_REQUIREMENT_. Filter the records below and copy every line containing the word "artanh".

_DATASET_.
+++++
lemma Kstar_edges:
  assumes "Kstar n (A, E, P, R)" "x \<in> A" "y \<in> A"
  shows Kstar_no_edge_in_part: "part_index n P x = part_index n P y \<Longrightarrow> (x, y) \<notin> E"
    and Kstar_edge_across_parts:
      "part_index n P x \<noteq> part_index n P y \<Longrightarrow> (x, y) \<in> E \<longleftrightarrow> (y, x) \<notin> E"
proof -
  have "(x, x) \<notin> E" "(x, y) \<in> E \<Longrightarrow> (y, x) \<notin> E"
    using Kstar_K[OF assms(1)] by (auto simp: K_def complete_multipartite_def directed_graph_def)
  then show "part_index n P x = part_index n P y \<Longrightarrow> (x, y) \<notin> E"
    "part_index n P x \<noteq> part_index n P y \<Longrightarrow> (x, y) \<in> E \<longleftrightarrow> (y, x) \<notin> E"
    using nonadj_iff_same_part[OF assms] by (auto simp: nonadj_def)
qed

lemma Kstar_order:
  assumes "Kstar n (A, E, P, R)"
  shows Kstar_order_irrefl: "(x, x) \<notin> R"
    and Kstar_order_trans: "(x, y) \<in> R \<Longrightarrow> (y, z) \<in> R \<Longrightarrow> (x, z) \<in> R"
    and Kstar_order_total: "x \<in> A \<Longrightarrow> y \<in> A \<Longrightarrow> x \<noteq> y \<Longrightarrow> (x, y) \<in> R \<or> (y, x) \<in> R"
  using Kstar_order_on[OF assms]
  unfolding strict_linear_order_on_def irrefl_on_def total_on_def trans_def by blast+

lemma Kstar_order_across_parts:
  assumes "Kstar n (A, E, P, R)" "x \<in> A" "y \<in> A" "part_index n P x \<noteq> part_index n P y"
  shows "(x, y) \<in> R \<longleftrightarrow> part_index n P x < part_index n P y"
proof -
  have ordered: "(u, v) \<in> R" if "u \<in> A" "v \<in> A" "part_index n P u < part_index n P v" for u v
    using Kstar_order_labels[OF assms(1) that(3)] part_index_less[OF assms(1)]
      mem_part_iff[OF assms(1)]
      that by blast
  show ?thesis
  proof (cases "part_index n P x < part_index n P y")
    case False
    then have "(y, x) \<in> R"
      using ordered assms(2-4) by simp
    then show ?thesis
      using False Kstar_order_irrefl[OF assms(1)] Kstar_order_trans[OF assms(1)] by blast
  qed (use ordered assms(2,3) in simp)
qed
+++++
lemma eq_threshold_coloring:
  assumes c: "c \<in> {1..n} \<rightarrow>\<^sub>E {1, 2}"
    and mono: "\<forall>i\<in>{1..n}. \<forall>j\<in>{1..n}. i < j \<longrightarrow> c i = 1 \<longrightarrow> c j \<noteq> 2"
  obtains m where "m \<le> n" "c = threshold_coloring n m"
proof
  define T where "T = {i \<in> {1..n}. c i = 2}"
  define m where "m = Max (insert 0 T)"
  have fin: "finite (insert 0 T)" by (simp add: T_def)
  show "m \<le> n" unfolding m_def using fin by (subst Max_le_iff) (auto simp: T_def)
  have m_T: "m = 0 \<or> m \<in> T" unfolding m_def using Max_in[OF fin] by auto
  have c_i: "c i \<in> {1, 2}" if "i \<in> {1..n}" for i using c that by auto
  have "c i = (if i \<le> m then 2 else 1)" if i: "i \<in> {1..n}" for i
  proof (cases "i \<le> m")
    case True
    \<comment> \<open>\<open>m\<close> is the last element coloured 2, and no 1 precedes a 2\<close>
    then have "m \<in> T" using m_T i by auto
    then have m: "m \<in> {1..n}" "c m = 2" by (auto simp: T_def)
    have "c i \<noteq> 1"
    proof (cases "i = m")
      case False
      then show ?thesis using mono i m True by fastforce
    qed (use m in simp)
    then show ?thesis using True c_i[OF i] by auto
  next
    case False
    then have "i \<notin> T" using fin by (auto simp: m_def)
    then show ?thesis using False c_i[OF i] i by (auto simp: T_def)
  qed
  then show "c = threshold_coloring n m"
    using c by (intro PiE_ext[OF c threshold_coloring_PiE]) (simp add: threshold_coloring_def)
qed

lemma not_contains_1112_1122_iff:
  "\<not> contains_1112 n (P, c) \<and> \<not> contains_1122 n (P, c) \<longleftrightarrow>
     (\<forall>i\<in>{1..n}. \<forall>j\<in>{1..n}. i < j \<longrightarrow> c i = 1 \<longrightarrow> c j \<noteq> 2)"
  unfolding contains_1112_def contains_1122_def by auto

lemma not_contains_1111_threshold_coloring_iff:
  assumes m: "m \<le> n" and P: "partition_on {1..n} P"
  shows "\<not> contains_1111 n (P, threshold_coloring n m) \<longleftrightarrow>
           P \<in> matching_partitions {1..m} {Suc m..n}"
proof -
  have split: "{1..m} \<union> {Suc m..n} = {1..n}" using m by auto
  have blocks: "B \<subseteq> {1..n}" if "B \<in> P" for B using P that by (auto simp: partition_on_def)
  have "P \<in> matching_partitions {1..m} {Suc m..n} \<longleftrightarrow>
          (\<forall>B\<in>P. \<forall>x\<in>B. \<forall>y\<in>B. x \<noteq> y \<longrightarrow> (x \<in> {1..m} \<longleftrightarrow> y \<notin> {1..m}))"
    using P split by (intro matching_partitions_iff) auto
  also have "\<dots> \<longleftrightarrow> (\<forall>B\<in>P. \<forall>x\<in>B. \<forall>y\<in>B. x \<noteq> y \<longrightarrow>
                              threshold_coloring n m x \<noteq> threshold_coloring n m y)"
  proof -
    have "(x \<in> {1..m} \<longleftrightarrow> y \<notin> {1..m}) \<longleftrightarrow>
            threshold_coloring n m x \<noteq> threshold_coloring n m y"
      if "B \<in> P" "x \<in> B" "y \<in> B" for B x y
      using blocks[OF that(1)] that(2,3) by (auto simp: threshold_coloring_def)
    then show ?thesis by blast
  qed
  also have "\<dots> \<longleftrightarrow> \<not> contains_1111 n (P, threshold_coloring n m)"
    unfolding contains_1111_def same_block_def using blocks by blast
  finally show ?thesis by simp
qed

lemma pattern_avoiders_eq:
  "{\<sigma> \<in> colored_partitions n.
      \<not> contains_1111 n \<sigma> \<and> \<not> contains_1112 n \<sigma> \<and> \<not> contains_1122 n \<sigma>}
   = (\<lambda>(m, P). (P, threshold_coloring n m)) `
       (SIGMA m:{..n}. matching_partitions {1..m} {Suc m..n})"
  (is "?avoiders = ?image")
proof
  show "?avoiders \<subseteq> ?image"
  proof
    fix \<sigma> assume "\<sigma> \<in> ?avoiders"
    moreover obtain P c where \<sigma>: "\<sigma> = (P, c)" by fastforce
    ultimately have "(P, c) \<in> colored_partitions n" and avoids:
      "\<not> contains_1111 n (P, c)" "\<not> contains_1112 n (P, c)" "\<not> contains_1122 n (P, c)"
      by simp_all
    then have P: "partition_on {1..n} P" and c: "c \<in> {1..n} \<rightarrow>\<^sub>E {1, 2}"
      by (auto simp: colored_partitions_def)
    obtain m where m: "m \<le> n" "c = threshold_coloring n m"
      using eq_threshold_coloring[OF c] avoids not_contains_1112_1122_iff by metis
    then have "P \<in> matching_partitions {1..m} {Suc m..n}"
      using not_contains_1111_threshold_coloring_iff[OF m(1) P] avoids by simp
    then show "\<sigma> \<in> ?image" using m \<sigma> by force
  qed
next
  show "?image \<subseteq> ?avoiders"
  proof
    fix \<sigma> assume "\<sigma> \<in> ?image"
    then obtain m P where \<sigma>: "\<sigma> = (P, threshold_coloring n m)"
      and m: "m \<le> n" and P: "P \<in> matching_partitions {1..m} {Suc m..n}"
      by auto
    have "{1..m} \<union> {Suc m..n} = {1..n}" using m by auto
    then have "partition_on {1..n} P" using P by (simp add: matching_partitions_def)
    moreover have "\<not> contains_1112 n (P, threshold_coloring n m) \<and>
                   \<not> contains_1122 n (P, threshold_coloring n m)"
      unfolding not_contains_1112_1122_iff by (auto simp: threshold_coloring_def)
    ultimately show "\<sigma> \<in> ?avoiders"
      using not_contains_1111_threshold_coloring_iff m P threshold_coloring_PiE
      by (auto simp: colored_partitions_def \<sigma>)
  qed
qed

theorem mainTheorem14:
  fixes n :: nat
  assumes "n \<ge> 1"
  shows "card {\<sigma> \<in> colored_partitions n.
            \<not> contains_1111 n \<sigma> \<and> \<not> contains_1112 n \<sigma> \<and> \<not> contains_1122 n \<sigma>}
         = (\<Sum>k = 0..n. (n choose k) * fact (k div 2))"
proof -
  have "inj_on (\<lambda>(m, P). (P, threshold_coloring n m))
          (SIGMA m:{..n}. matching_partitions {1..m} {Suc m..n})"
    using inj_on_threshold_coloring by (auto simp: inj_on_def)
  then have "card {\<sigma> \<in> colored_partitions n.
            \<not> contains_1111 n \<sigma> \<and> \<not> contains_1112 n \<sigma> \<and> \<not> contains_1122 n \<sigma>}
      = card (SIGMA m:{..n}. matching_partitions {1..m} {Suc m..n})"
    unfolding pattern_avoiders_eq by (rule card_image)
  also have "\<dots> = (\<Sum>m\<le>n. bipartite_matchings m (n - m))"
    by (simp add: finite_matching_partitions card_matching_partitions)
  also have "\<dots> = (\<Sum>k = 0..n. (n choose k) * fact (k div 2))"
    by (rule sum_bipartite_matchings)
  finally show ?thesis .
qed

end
+++++
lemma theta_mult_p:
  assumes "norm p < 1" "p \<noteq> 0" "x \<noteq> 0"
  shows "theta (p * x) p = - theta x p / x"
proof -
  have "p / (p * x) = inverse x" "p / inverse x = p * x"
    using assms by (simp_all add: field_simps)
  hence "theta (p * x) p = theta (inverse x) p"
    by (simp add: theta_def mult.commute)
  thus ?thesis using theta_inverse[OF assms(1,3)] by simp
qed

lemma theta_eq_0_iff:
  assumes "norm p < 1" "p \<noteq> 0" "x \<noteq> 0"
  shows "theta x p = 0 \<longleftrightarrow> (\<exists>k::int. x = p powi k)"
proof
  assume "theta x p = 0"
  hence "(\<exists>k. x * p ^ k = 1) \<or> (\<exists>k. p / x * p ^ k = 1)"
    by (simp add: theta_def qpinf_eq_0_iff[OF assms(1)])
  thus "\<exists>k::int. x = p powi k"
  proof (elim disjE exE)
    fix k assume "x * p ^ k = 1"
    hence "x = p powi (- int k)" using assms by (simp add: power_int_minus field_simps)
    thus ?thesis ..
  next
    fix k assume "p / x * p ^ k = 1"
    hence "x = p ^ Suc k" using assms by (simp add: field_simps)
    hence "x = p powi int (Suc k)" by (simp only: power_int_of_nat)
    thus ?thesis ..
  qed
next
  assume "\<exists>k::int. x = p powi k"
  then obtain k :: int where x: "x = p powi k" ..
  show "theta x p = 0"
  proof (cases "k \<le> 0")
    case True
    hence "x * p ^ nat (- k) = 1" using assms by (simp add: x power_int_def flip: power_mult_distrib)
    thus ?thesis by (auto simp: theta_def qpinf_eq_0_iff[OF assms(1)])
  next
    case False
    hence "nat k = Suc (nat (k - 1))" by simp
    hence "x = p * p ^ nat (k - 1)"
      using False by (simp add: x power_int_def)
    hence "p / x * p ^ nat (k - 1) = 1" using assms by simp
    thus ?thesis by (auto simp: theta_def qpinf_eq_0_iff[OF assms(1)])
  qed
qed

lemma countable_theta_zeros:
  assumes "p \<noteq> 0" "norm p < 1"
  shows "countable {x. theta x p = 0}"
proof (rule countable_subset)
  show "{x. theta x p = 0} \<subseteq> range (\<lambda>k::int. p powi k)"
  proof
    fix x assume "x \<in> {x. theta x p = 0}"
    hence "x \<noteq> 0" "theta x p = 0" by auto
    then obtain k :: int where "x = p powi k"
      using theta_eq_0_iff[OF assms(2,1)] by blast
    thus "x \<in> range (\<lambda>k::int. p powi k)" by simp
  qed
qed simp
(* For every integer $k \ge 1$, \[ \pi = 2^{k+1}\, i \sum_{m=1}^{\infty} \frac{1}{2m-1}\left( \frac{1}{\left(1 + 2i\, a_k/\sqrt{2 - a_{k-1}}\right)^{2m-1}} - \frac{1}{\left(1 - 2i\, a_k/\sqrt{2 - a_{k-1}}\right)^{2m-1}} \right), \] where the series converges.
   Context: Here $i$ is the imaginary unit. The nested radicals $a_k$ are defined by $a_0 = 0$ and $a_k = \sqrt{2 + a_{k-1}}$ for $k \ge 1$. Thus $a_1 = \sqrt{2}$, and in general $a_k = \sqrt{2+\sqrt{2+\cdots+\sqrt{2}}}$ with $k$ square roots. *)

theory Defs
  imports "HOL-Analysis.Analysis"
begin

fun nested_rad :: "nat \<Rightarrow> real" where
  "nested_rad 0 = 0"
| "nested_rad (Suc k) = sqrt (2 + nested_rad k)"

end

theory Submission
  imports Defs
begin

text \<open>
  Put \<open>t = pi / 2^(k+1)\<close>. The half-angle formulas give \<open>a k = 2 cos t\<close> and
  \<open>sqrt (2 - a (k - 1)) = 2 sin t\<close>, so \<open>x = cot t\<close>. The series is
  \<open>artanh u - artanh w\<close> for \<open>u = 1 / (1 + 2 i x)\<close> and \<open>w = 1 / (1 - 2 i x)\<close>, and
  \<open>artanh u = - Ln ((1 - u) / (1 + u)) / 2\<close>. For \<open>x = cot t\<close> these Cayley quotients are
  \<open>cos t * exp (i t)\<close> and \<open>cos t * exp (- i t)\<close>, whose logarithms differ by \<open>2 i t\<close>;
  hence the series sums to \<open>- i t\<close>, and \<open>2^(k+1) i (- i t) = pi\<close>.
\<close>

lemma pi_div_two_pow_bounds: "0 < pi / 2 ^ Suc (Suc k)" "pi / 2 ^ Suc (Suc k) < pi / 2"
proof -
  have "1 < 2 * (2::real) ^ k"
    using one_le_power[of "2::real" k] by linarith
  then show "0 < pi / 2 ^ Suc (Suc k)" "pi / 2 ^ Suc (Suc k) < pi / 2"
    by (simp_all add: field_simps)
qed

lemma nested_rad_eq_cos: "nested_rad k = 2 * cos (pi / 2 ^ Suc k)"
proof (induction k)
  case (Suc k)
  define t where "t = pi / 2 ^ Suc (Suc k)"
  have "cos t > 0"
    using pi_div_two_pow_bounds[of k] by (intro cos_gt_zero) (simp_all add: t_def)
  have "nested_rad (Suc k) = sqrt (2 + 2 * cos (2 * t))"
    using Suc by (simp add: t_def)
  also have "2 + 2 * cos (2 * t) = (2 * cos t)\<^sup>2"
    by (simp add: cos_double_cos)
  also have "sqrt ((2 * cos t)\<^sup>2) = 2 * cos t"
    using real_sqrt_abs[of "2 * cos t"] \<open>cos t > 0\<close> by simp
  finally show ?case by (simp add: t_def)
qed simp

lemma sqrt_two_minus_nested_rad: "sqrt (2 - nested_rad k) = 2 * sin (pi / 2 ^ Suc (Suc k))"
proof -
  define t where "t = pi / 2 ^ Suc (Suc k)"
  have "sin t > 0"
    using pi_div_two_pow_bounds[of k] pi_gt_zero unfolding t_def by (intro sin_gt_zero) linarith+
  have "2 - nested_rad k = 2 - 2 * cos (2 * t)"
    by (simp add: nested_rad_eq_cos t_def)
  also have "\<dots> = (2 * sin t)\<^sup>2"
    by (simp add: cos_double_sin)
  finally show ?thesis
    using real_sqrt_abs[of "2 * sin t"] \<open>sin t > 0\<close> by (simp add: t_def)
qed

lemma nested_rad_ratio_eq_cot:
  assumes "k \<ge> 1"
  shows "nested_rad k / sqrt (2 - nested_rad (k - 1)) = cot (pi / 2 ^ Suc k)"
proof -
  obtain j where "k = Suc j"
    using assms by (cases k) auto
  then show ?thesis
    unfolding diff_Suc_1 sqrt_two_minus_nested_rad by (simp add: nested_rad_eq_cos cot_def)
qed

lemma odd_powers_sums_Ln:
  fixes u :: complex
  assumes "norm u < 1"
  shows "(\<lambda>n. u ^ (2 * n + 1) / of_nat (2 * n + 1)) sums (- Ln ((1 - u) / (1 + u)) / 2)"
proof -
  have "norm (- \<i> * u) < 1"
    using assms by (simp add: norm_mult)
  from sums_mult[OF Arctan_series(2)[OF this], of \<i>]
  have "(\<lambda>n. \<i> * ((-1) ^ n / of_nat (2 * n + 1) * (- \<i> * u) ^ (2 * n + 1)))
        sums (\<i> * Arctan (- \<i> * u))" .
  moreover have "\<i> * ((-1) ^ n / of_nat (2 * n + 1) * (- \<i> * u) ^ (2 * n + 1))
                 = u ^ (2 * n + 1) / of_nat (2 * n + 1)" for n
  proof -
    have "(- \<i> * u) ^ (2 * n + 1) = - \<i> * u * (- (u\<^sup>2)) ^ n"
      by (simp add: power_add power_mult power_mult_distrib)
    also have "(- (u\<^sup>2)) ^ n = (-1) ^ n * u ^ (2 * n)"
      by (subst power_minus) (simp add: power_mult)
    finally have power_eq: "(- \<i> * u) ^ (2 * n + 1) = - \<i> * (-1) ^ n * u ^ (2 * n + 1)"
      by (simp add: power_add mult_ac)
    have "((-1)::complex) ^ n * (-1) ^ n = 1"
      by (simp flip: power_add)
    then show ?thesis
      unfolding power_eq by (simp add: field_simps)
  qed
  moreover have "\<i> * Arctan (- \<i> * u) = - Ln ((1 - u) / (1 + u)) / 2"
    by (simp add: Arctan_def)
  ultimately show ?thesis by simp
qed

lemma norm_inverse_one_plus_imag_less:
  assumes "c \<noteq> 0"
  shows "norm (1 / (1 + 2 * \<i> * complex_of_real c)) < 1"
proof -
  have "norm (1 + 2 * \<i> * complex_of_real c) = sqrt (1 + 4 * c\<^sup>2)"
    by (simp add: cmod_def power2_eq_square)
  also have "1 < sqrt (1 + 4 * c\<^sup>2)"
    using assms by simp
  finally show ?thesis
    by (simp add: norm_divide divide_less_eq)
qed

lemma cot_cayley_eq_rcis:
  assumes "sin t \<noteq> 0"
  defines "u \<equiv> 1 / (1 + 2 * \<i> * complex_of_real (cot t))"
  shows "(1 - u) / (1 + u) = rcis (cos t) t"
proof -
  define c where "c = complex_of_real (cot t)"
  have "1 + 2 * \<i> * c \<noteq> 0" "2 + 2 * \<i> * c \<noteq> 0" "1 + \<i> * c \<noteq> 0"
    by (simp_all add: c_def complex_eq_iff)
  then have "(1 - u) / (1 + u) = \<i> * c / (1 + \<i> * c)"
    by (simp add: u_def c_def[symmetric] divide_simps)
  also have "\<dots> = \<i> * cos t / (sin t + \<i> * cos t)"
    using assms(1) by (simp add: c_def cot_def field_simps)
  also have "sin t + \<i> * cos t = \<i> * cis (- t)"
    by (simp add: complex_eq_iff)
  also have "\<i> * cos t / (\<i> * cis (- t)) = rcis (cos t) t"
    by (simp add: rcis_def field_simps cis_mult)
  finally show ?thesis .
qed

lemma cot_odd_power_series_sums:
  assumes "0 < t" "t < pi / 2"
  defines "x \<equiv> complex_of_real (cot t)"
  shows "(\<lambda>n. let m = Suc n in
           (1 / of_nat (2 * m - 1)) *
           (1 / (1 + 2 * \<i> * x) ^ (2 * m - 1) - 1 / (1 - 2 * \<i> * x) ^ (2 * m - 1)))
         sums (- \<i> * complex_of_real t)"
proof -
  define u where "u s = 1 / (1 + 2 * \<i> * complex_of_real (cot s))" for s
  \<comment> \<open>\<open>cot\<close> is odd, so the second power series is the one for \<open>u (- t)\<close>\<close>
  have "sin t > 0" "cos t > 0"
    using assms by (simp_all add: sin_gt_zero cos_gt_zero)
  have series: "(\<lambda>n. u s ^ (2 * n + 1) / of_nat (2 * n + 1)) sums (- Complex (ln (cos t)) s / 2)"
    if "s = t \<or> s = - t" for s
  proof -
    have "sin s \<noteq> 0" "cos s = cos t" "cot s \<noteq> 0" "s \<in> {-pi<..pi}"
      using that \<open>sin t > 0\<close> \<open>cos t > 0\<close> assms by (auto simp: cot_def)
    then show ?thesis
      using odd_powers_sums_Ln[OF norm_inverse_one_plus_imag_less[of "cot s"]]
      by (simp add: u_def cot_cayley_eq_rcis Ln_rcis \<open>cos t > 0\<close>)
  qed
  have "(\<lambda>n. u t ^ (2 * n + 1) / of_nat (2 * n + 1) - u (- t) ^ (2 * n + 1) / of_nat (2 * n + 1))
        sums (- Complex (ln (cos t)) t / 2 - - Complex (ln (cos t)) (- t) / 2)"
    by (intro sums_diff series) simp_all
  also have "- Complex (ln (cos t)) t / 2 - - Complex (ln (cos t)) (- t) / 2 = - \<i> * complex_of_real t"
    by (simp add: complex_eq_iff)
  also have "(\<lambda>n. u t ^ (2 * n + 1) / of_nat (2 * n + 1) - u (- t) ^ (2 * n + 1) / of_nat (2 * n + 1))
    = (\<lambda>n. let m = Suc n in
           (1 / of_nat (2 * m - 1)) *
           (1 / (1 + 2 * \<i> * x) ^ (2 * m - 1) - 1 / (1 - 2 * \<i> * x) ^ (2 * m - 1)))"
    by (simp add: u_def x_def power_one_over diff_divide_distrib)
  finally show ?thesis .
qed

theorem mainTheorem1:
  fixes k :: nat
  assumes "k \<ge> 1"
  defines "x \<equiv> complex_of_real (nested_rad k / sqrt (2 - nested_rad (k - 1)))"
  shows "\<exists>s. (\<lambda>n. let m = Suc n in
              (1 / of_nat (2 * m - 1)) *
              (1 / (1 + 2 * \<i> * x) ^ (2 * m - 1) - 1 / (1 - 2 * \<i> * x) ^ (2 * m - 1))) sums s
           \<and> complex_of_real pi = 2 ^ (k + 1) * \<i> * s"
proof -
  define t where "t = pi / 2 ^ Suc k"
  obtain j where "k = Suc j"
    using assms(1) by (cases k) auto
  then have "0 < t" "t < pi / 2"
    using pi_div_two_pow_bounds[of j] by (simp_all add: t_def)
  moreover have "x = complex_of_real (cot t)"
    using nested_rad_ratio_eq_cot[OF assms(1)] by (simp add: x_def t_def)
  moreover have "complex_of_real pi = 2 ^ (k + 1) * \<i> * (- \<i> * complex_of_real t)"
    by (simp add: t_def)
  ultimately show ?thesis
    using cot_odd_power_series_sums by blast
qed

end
+++++
_RESPONSE TO THIS TASK_.
  \<open>artanh u - artanh w\<close> for \<open>u = 1 / (1 + 2 i x)\<close> and \<open>w = 1 / (1 - 2 i x)\<close>, and
  \<open>artanh u = - Ln ((1 - u) / (1 + u)) / 2\<close>. For \<open>x = cot t\<close> these Cayley quotients are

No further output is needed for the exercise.